Sabyasachi Pramanik, PhD, is an assistant professor in the Department of Computer Science and Engineering, Haldia Institute of Technology, India. He earned his doctorate in computer science and engineering from the Sri Satya Sai University of Technology and Medical Sciences, Bhopal, India. He has many publications in various reputed international conferences, journals, and online book chapter contributions and is also serving as the editorial board member of many international journals. He is a reviewer of journal articles in numerous technical journals and has been a keynote speaker, session chair and technical program committee member in many international conferences. He has authored a book on wireless sensor networks and is currently editing six books for multiple publishers, including Scrivener Publishing.

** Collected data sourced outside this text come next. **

lemma vsum_fun_upd [simp]: "k < i \<Longrightarrow> vsum i d v (x(k := t)) = vsum i d v x"
  unfolding vsum_def by (rule sum.cong) auto

lemma power_int_sum:
  fixes x :: "'a::field"
  assumes "finite A" "x \<noteq> 0"
  shows "x powi (\<Sum>k\<in>A. f k) = (\<Prod>k\<in>A. x powi f k)"
  using assms by (induction A rule: finite_induct) (auto simp: power_int_add)

lemma prod_powi_twisted:
  fixes lam :: "nat \<Rightarrow> real" and mu :: real
  assumes "mu \<noteq> 0"
  shows "(\<Prod>k=i..d. (lam k * mu powi (- int (v k))) powi (2 * y k))
       = (\<Prod>k=i..d. lam k powi (2 * y k)) * mu powi (-2 * vsum i d v y)"
proof -
  have "(\<Prod>k=i..d. (lam k * mu powi (- int (v k))) powi (2 * y k))
      = (\<Prod>k=i..d. lam k powi (2 * y k)) * (\<Prod>k=i..d. mu powi (-2 * (int (v k) * y k)))"
    by (simp add: prod.distrib power_int_mult_distrib power_int_mult[symmetric] algebra_simps)
  also have "(\<Prod>k=i..d. mu powi (-2 * (int (v k) * y k))) = mu powi (-2 * vsum i d v y)"
    using assms by (simp add: vsum_def power_int_sum sum_distrib_left)
  finally show ?thesis .
qed

section \<open>Case 1: sheared coordinates\<close>

definition shear :: "nat \<Rightarrow> (nat \<Rightarrow> nat) \<Rightarrow> (nat \<Rightarrow> int) \<Rightarrow> nat \<Rightarrow> int" where
  "shear d v x = x(1 := x 1 + vsum 2 d v x)"

definition unshear :: "nat \<Rightarrow> (nat \<Rightarrow> nat) \<Rightarrow> (nat \<Rightarrow> int) \<Rightarrow> nat \<Rightarrow> int" where
  "unshear d v y = y(1 := y 1 - vsum 2 d v y)"

lemma shear_unshear [simp]: "shear d v (unshear d v y) = y"
  by (simp add: shear_def unshear_def)

lemma unshear_shear [simp]: "unshear d v (shear d v x) = x"
  by (simp add: shear_def unshear_def)

lemma volume_Case1_eq:
  assumes "1 \<le> d"
  shows "volume Case1 d v Lv = {x \<in> zd d. shear d v x \<in> box d (\<lambda>k. {0 .. int (Lv k) - 1})}"
proof -
  have "{1..d} = insert 1 {2..d}"
    using assms by auto
  then show ?thesis
    using assms by (auto simp: box_iff shear_def vsum_def fun_upd_in_zd)
qed

lemma volj_diff_Case1_eq:
  assumes "j \<in> {1..d}" "m < n"
  shows "volj Case1 d v j L l n - volj Case1 d v j L l m = unshear d v ` box d (slab j L l m n)"
proof -
  have d: "1 \<le> d"
    using assms(1) by simp
  have "unshear d v y \<in> zd d" if "y \<in> box d (slab j L l m n)" for y
    using that d box_subset_zd by (auto simp: unshear_def intro!: fun_upd_in_zd)
  then show ?thesis
    unfolding volj_diff_eq_box[OF assms volume_Case1_eq[OF d]]
    by (auto intro!: image_eqI[where x="shear d v x" for x])
qed

lemma sum_volj_diff_Case1:
  assumes "j \<in> {1..d}" "m < n"
  shows "finite (volj Case1 d v j L l n - volj Case1 d v j L l m)"
    and "(\<Sum>x\<in>volj Case1 d v j L l n - volj Case1 d v j L l m. g x)
       = (\<Sum>y\<in>box d (slab j L l m n). g (unshear d v y))"
proof -
  have "finite (box d (slab j L l m n))"
    by (rule finite_box) (simp add: slab_def)
  moreover have "inj_on (unshear d v) (box d (slab j L l m n))"
    by (rule inj_on_inverseI[where g="shear d v"]) simp
  ultimately show "finite (volj Case1 d v j L l n - volj Case1 d v j L l m)"
    and "(\<Sum>x\<in>volj Case1 d v j L l n - volj Case1 d v j L l m. g x)
       = (\<Sum>y\<in>box d (slab j L l m n). g (unshear d v y))"
    unfolding volj_diff_Case1_eq[OF assms] by (simp_all add: sum.reindex)
qed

Ramchandra Mangrulkar, PhD, is an associate professor in the Department of Computer Engineering at SVKMs Dwarkadas J. Sanghvi College of Engineering, Mumbai, Maharashtra, India. He has published 48 papers and 12 book chapters and presented significant papers at technical conferences. He has also chaired many conferences as a session chair and conducted various workshops and is also a ICSI-CNSS Certified Network Security Specialist. He is an active member on boards of studies in various universities and institutes in India.

Dac-Nhuong Le, PhD, is an associate professor and associate dean at Haiphong University, Vietnam. He earned his MSc and PhD in computer science from Vietnam National University, and he has over 20 years of teaching experience. He has over 50 publications in reputed international conferences, journals and online book chapter contributions and has chaired numerous international conferences. He has served on numerous editorial boards for scientific and technical journals and has authored or edited over 15 books by various publishers, including Scrivener Publishing.